Temple’s classification for cheerleading means that despite first- and second-place finishes at the past two UCA Championships respectively, they must operate outside of NCAA guidelines. While they bring home trophies to North Broad Street, they can’t get scholarships, stipends for meal plans, housing or even access to the Athlete Tutoring Center.
“That’s a great question, I don’t know,” said Scott Walcoff, Temple’s Senior Associate Athletic Director, when asked about the reasoning behind Temple’s status within the Athletic Department. “They’re not a recognized NCAA Sport, but in a lot of college Athletic Departments like ours; they still fall under the Athletic Department’s umbrella because they do so much to support them.”
“From a budget standpoint, I guarantee you that these other programs at P5 schools have bigger budgets than we do,” Walcoff noted. “Scholarships are a big part of that, these other schools can go out and recruit cheerleaders or dance team members; we don’t have scholarships to offer people.”
“That’s why I was so impressed with the performance that both teams had, because of their lack of resources compared to some of those other teams they were sharing the stage with, and/or finished higher than,” Walcoff added. “That really is a testament to the coaches we have here, and the coaches as well.”

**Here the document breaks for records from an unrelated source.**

lemma (in coprime_approximant) spflow_reaches_near:
  assumes f_pos: "\<And>x. x \<in> {0..<1} \<Longrightarrow> 0 < f x"
    and f: "\<And>x. 0 < x \<Longrightarrow> x < 1 \<Longrightarrow> f x \<le> C / sqrt (dnint x)" and C: "0 \<le> C"
    and \<delta>: "0 < \<delta>" and avoid: "\<And>i. i < q \<Longrightarrow> \<delta> \<le> dnint (a + real i * \<alpha>)"
    and ab: "(a, b) \<in> flow_space f"
  obtains T where "\<bar>T\<bar> \<le> C * (6 / sqrt \<delta> + 4 * real q)"
    and "dH (spflow f \<alpha> T (a, b)) z \<le> 1 / real q"
proof -
  obtain i where i: "i < q" and hit: "dnint (a + real i * \<alpha> - fst z) \<le> 1 / real q"
    using orbit_hits .
  obtain T where T: "\<bar>T\<bar> \<le> (\<Sum>j<q. f (frac (a + real j * \<alpha>)))"
    and flow: "fst (spflow f \<alpha> T (a, b)) = frac (a + real i * \<alpha>)"
    using spflow_reaches_orbit_point[OF f_pos ab i] .
  have "dH (spflow f \<alpha> T (a, b)) z \<le> 1 / real q"
    unfolding dH_def flow dnint_frac_diff using hit .
  moreover have "\<bar>T\<bar> \<le> C * (6 / sqrt \<delta> + 4 * real q)"
    using T sum_inverse_sqrt_dnint_orbit_le[OF f C \<delta> avoid] by linarith
  ultimately show ?thesis using that by blast
qed

lemma (in cf_irrational) coprime_approximant_convergent: "coprime_approximant \<alpha> (p k) (q k)"
proof
  show "0 < q k" by (rule cf_q_pos)
  show "coprime (p k) (q k)" by (rule coprime_cf_p_cf_q)
  have "1 / real (q (Suc k)) \<le> 1 / real (q k)"
    using cf_q_le_Suc[of k] cf_q_pos[of k] by (simp add: frac_le)
  then have "\<bar>err k\<bar> < 1 / real (q k)"
    using abs_err_less[of k] by linarith
  then show "\<bar>real (q k) * \<alpha> - real (p k)\<bar> * real (q k) < 1"
    using cf_q_pos[of k] by (simp add: err_def less_divide_eq)
qed

lemma (in coprime_approximant) U_set_spflow_reaches_near:
  assumes f_pos: "\<And>x. x \<in> {0..<1} \<Longrightarrow> 0 < f x"
    and f: "\<And>x. 0 < x \<Longrightarrow> x < 1 \<Longrightarrow> f x \<le> C / sqrt (dnint x)" and C: "0 \<le> C"
    and N: "2 \<le> N" and q: "real N \<le> real q" "real q \<le> real N * (ln (real N))^2"
    and time: "C * (6 * sqrt (real N * ln (real N) ^ 3) + 4 * (real N * ln (real N) ^ 2))
      < real N * ln (real N) ^ 6"
    and zb: "zb \<in> U_set f \<alpha> N"
  shows "\<exists>T. \<bar>T\<bar> < real N * ln (real N) ^ 6 \<and> dH (spflow f \<alpha> T zb) z \<le> 1 / real N"
proof -
  obtain a b where zb_eq: "zb = (a, b)" by fastforce
  define \<delta> where "\<delta> = 1 / (real N * ln (real N) ^ 3)"
  have \<delta>: "0 < \<delta>" using N by (simp add: \<delta>_def)
  have ab: "(a, b) \<in> flow_space f" using zb by (simp add: U_set_def zb_eq)
  have U: "\<delta> \<le> dnint (of_int n * \<alpha> + a)"
    if "real_of_int \<bar>n\<bar> \<le> real N * (ln (real N))^2" for n
    using zb that unfolding U_set_def zb_eq \<delta>_def by auto
  have avoid: "\<delta> \<le> dnint (a + real i * \<alpha>)" if "i < q" for i
    using U[of "int i"] that q(2) by (simp add: add.commute)
  obtain T where T: "\<bar>T\<bar> \<le> C * (6 / sqrt \<delta> + 4 * real q)"
    and near: "dH (spflow f \<alpha> T (a, b)) z \<le> 1 / real q"
    using spflow_reaches_near[OF f_pos f C \<delta> avoid ab] by blast
  have "1 / sqrt \<delta> = sqrt (real N * ln (real N) ^ 3)"
    by (simp add: \<delta>_def real_sqrt_divide)
  then have "C * (6 / sqrt \<delta> + 4 * real q)
      \<le> C * (6 * sqrt (real N * ln (real N) ^ 3) + 4 * (real N * ln (real N) ^ 2))"
    using q(2) C by (intro mult_left_mono) auto
  moreover have "1 / real q \<le> 1 / real N" using q(1) N by (simp add: frac_le)
  ultimately show ?thesis using T near time unfolding zb_eq by (intro exI[of _ T] conjI) linarith+
qed

theorem lemma4p1:
  fixes f f' f'' :: "real \<Rightarrow> real" and \<eta> \<alpha> M1 M2 M3 M4 :: real
  assumes eta: "0 < \<eta>" "\<eta> < 1/2"
    and f'_deriv: "\<And>x. x \<in> {0<..<1} \<Longrightarrow> (f has_real_derivative f' x) (at x)"
    and f''_deriv: "\<And>x. x \<in> {0<..<1} \<Longrightarrow> (f' has_real_derivative f'' x) (at x)"
    and f''_cont: "continuous_on {0<..<1} f''"
    and f_pos: "\<And>x. x \<in> {0..<1} \<Longrightarrow> f x > 0"
    and f''_pos: "\<And>x. x \<in> {0<..<1} \<Longrightarrow> f'' x > 0"
    and f_int: "(f has_integral 1) {0..1}"
    and lim1: "((\<lambda>x. f x * x powr (1/2 - \<eta>)) \<longlongrightarrow> M1) (at_right 0)"
    and lim2: "((\<lambda>x. f x * (1 - x) powr (1/2 - \<eta>)) \<longlongrightarrow> M2) (at_left 1)"
    and lim3: "((\<lambda>x. f' x * x powr (1/2 - \<eta> + 1)) \<longlongrightarrow> - M3) (at_right 0)"
    and lim4: "((\<lambda>x. f' x * (1 - x) powr (1/2 - \<eta> + 1)) \<longlongrightarrow> M4) (at_left 1)"
    and M: "M1 \<in> {0<..<1}" "M2 \<in> {0<..<1}" "M3 \<in> {0<..<1}" "M4 \<in> {0<..<1}"
    and alpha: "0 < \<alpha>" "\<alpha> < 1" "\<alpha> \<notin> \<rat>"
    and qgrowth: "\<forall>\<^sub>F n in sequentially.
        real (cf_q \<alpha> (Suc n)) \<le> real (cf_q \<alpha> n) * (ln (real (cf_q \<alpha> n)))^2"
  shows "\<exists>N0::nat. \<forall>N\<ge>N0. \<forall>z\<in>U_set f \<alpha> N. \<forall>zb\<in>U_set f \<alpha> N.
           \<exists>T0::real. \<bar>T0\<bar> < real N * (ln (real N))^6 \<and>
             dH (spflow f \<alpha> T0 zb) z \<le> 1 / real N"
proof -
  interpret cf_irrational \<alpha> using alpha by unfold_locales
  have "continuous_on {0<..<1} f"
    by (rule continuous_at_imp_continuous_on) (use f'_deriv DERIV_isCont in blast)
  moreover have "1/2 - \<eta> \<le> 1/2" using eta by simp
  ultimately obtain C where C: "0 \<le> C"
    and roof: "\<And>x. 0 < x \<Longrightarrow> x < 1 \<Longrightarrow> f x \<le> C / sqrt (dnint x)"
    using inverse_sqrt_dnint_bound[OF _ _ lim1 lim2] by blast
  have "\<forall>\<^sub>F N in sequentially. C * (6 * sqrt (real N * ln (real N) ^ 3) + 4 * (real N * ln (real N) ^ 2))
      < real N * ln (real N) ^ 6"
    by real_asymp
  moreover have "\<forall>\<^sub>F N in sequentially. 2 \<le> N" by (rule eventually_ge_at_top)
  moreover note eventually_cf_q_between[OF qgrowth]
  ultimately have "\<forall>\<^sub>F N in sequentially. \<forall>z\<in>U_set f \<alpha> N. \<forall>zb\<in>U_set f \<alpha> N.
      \<exists>T0. \<bar>T0\<bar> < real N * (ln (real N))^6 \<and> dH (spflow f \<alpha> T0 zb) z \<le> 1 / real N"
  proof eventually_elim
    case (elim N)
    then obtain k where k: "real N \<le> real (q k)" "real (q k) \<le> real N * (ln (real N))^2" by blast
    interpret coprime_approximant \<alpha> "p k" "q k" by (rule coprime_approximant_convergent)
    show ?case using U_set_spflow_reaches_near[OF f_pos roof C elim(2) k elim(1)] by blast
  qed
  then show ?thesis unfolding eventually_sequentially by blast
qed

The team’s extensive appearance list ranges from Temple basketball and football games to sometimes cheering on Broad Street Run competitors. A normal practice and conditioning schedule totals at least 10 hours a week. During the winter and holiday break, when most students are home relaxing, Temple Cheerleading endures eight hour practice sessions.
COVID-19 also took a toll on the team heading up to Orlando. The outbreak hit the team during their curtailed winter break.

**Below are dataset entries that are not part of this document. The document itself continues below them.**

lemma polar_faces_same_supp_opposite_sign:
  assumes "supp T1 = supp T2" and "T1 \<noteq> T2"
  obtains j where "Inl j \<in> T1" "Inr j \<in> T2" | j where "Inl j \<in> T2" "Inr j \<in> T1"
proof -
  have same: "Inl j \<in> T1 \<or> Inr j \<in> T1 \<longleftrightarrow> Inl j \<in> T2 \<or> Inr j \<in> T2" for j
    using assms(1) unfolding supp_def set_eq_iff by simp
  from \<open>T1 \<noteq> T2\<close> obtain e where "e \<in> T1 - T2 \<or> e \<in> T2 - T1" by blast
  then show ?thesis using same that by (cases e) blast+
qed

lemma stable_pair_opposite_link_signs_extend_chamber:
  assumes st: "stable_pair n w h X"
    and Ta: "Ta \<in> polar_complex n (hcode n w h X)"
    and La: "link Ta (polar_complex n (hcode n w h X)) = full_polar \<sigma>"
    and Tb: "Tb \<in> polar_complex n (hcode n w h X)"
    and Lb: "link Tb (polar_complex n (hcode n w h X)) = full_polar \<sigma>"
    and j: "Inl j \<in> Ta" "Inr j \<in> Tb"
  shows "\<exists>\<tau>\<in>cham n (hcode n w h X). \<sigma> \<subset> \<tau>"
proof -
  have X: "convex X" using st by (simp add: stable_pair_def)
  obtain xa where xa: "xa \<in> X" "\<forall>i\<in>\<sigma>. w i \<bullet> xa = h i" "h j < w j \<bullet> xa"
    using convex_point_realizing_link[OF X Ta La] j(1) by blast
  obtain xb where xb: "xb \<in> X" "\<forall>i\<in>\<sigma>. w i \<bullet> xb = h i" "w j \<bullet> xb \<le> h j"
    using convex_point_realizing_link[OF X Tb Lb] j(2) by blast
  have \<sigma>: "\<sigma> \<subseteq> {1..n}" "j \<in> {1..n} - \<sigma>"
    using supp_eq_if_link_eq_full_polar[OF hcode_subset_Pow Ta La] j(1) by (auto simp: supp_def)
  obtain y where y: "y \<in> X" "w j \<bullet> y = h j"
    and eq: "\<forall>i. w i \<bullet> xa = h i \<and> w i \<bullet> xb = h i \<longrightarrow> w i \<bullet> y = h i"
    using convex_segment_hits_hyperplane[where w = w and h = h, OF X xa(1) xb(1) xa(3) xb(3)]
    by blast
  have "insert j \<sigma> \<subseteq> active_hyps n w h y"
    using \<sigma> y(2) eq xa(2) xb(2) unfolding active_hyps_def by blast
  moreover have "\<sigma> \<subset> insert j \<sigma>" using \<sigma>(2) by blast
  ultimately show ?thesis using stable_pair_active_hyps_mem_cham[OF st y(1)] by blast
qed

“We have 20 girls in our traditional routine, 30 girls in our game day routine, and 40 people overall on the cheer team,” Manson said. “Out of the first 20, there were only eight people left. Out of the first 30, maybe 15 [left]. So genuinely half our people had Covid.”
Komosinski garnered further credit for the team’s resilience in the face of this challenge. Various injuries to key performers coincided with the pandemic’s effects.
“We were able to overcome it because of our coach,” Moppert said. “She’s amazing and she’s always thinking ahead of the game.”
“I think because she’s always making sure that the next person up is ready to go, we were able to fill the base spot,” Moppert added. “Also, we were able to motivate each other as a team when coming back from half of the squad having COVID and not being able to practice.”
Amidst all they achieve on the mats, the team simply wants an adequate respect level to go with it.
“We are athletes, just like any other sports team,” Soriano said. “I just hope that by listening and educating ourselves hopefully more and more people start to come around and realize that.”